■ **REQUIRED ACTION**:
Starting from the first line below, count every line holding the word "fixes", then state the total alone.

■ **THE INPUT**:
(* Let $\lambda\neq0$ and $x$ be fixed, and let \[ F=F(t;x,\lambda)=\frac{2\lambda}{2\lambda+\log(1+\lambda t)}\Bigl(1+\lambda^{-1}\log(1+\lambda t)\Bigr)^{x}, \] considered for $t$ in a neighborhood of $0$ (or as a formal power series in $t$). Then for every integer $N\ge1$, $F$ satisfies the linear differential equation \[ \frac{d^N F}{dt^N}=\lambda^{N}(1+\lambda t)^{-N}\left(\sum_{r=1}^{N}\sum_{i=0}^{r}a^{(\lambda)}_{i,r-i}(N,x)\,\bigl(2\lambda+\log(1+\lambda t)\bigr)^{-i}\bigl(\lambda+\log(1+\lambda t)\bigr)^{-(r-i)}\right)F, \] where, for $1\le r\le N$ and $0\le i\le r$, \[ a^{(\lambda)}_{i,r-i}(N,x)=(-1)^{N+i-r}\, i!\, S_{1,i-1}(r-i)\,(N-1)!\,H_{N-1,r-1}\,(x)_{r-i}. \]
   Context: $(x)_0=1$ and $(x)_n=x(x-1)\cdots(x-n+1)$ for $n\ge1$. Generalized harmonic numbers: $H_{N,0}=1$ for all integers $N\ge 0$; $H_{N,1}=1+\frac12+\cdots+\frac1N$ for $N\ge1$; and for $2\le j\le N$, $H_{N,j}=\frac{H_{N-1,j-1}}{N}+\frac{H_{N-2,j-1}}{N-1}+\cdots+\frac{H_{j-1,j-1}}{j}$. Generalized Changhee power sums (for $k=1$), for integers $N\ge0$: $S_{1,-1}(N)=1$, $S_{1,0}(N)=N+1$, $S_{1,j}(N)=\sum_{l=0}^{N}S_{1,j-1}(l)$ for $j\ge1$. *)

theory Defs
  imports "HOL-Analysis.Analysis"
begin

definition falling :: "real \<Rightarrow> nat \<Rightarrow> real" where
  "falling x n = (\<Prod>k<n. x - real k)"

fun genH :: "nat \<Rightarrow> nat \<Rightarrow> real" where
  "genH N 0 = 1"
| "genH N (Suc j) = (\<Sum>m\<in>{Suc j..N}. genH (m - 1) j / real m)"

text \<open>Generalized Changhee power sums, index shifted by one:
  changheeS j N = S_{1,j-1}(N).\<close>
fun changheeS :: "nat \<Rightarrow> nat \<Rightarrow> nat" where
  "changheeS 0 N = 1"
| "changheeS (Suc 0) N = N + 1"
| "changheeS (Suc (Suc j)) N = (\<Sum>l\<le>N. changheeS (Suc j) l)"

definition coeffA :: "nat \<Rightarrow> nat \<Rightarrow> nat \<Rightarrow> real \<Rightarrow> real" where
  "coeffA i r N x = (-1) ^ (N + i - r) * fact i * real (changheeS i (r - i))
      * fact (N - 1) * genH (N - 1) (r - 1) * falling x (r - i)"

definition Ffun :: "real \<Rightarrow> real \<Rightarrow> real \<Rightarrow> real" where
  "Ffun x lam t = 2 * lam / (2 * lam + ln (1 + lam * t))
      * (1 + ln (1 + lam * t) / lam) powr x"

end

theory Submission
  imports Defs "HOL-Combinatorics.Stirling"
begin

(* Write F(t) = Psi(ln (1 + lam t)) with Psi(u) = 2 lam / (2 lam + u) * (1 + u / lam)^x.
   Leibniz' rule expresses the r-th derivative of Psi as a binomial sum of derivatives of
   1 / (2 lam + u) and of (1 + u / lam)^x, each an explicit multiple of Psi.  For u = ln (1 + lam t)
   one has d^N/dt^N = (lam / (1 + lam t))^N * sum_r s(N,r) d^r/du^r with the signed Stirling
   numbers of the first kind s(N,r), by their recurrence s(N+1,r) = s(N,r-1) - N s(N,r).
   The coefficients of the theorem are exactly these products, since (N-1)! H_{N-1,r-1} is the
   Stirling number [N,r] and S_{1,i-1}(r-i) is the binomial coefficient (r choose i). *)

lemma changheeS_eq_binomial: "changheeS i j = (i + j) choose i"
proof (induction i j rule: changheeS.induct)
  case (3 i N)
  have "(\<Sum>l\<le>N. changheeS (Suc i) l) = (\<Sum>l\<le>N. (Suc i + l) choose l)"
    using 3 by (intro sum.cong refl) (metis binomial_symmetric le_add1 add_diff_cancel_left')
  also have "\<dots> = Suc (Suc i + N) choose N" by (rule sum_choose_lower)
  also have "\<dots> = (Suc (Suc i) + N) choose Suc (Suc i)"
    by (subst binomial_symmetric) auto
  finally show ?case by simp
qed auto

lemma genH_eq_0: "n < j \<Longrightarrow> genH n j = 0"
  by (cases j) auto

lemma genH_Suc_Suc: "genH (Suc m) (Suc j) = genH m (Suc j) + genH m j / real (Suc m)"
  by (auto simp: genH_eq_0)

lemma fact_mult_genH_eq_stirling: "fact n * genH n j = real (stirling (Suc n) (Suc j))"
proof (induction n arbitrary: j)
  case 0
  show ?case by (cases j) auto
next
  case (Suc m)
  show ?case
  proof (cases j)
    case 0
    then show ?thesis by (simp add: stirling_Suc_n_1 algebra_simps del: stirling.simps)
  next
    case (Suc k)
    have "fact (Suc m) * genH (Suc m) (Suc k)
        = real (Suc m) * (fact m * genH m (Suc k)) + fact m * genH m k"
      by (simp add: genH_Suc_Suc fact_Suc field_simps del: genH.simps)
    then show ?thesis using Suc.IH Suc by (simp add: algebra_simps del: genH.simps)
  qed
qed

definition signed_stirling :: "nat \<Rightarrow> nat \<Rightarrow> real" where
  "signed_stirling n k = (-1) ^ (n + k) * real (stirling n k)"

lemma signed_stirling_Suc_Suc:
  "signed_stirling (Suc n) (Suc k) = signed_stirling n k - real n * signed_stirling n (Suc k)"
  by (simp add: signed_stirling_def algebra_simps)

lemma sum_signed_stirling_Suc:
  fixes a :: "nat \<Rightarrow> real"
  shows "(\<Sum>k\<le>Suc n. signed_stirling (Suc n) k * a k)
       = (\<Sum>k\<le>n. signed_stirling n k * a (Suc k))
         - real n * (\<Sum>k\<le>n. signed_stirling n k * a k)"
proof -
  have "(\<Sum>k\<le>Suc n. signed_stirling (Suc n) k * a k)
      = (\<Sum>k\<le>n. signed_stirling n k * a (Suc k))
        - real n * (\<Sum>k\<le>n. signed_stirling n (Suc k) * a (Suc k))"
    by (simp add: sum.atMost_Suc_shift signed_stirling_Suc_Suc signed_stirling_def[of _ 0]
        left_diff_distrib sum_subtractf sum_distrib_left mult.assoc del: sum.atMost_Suc)
  also have "real n * (\<Sum>k\<le>n. signed_stirling n (Suc k) * a (Suc k))
      = real n * (\<Sum>k\<le>n. signed_stirling n k * a k)"
  proof (cases "n = 0")
    case False
    have "(\<Sum>k\<le>n. signed_stirling n (Suc k) * a (Suc k))
        = (\<Sum>k\<le>Suc n. signed_stirling n k * a k) - signed_stirling n 0 * a 0"
      by (simp add: sum.atMost_Suc_shift del: sum.atMost_Suc)
    then show ?thesis using False by (simp add: signed_stirling_def)
  qed simp
  finally show ?thesis .
qed

lemma sum_binomial_Suc_shift:
  fixes h :: "nat \<Rightarrow> real"
  shows "(\<Sum>i\<le>Suc r. real (Suc r choose i) * h i)
       = (\<Sum>i\<le>r. real (r choose i) * (h (Suc i) + h i))"
proof -
  have "(\<Sum>i\<le>r. real (r choose i) * h i) = (\<Sum>i\<le>Suc r. real (r choose i) * h i)"
    by simp
  also have "\<dots> = h 0 + (\<Sum>i\<le>r. real (r choose Suc i) * h (Suc i))"
    by (simp add: sum.atMost_Suc_shift del: sum.atMost_Suc)
  finally show ?thesis
    by (simp add: sum.atMost_Suc_shift sum.distrib algebra_simps del: sum.atMost_Suc)
qed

■ **YOUR SOLUTION**:
2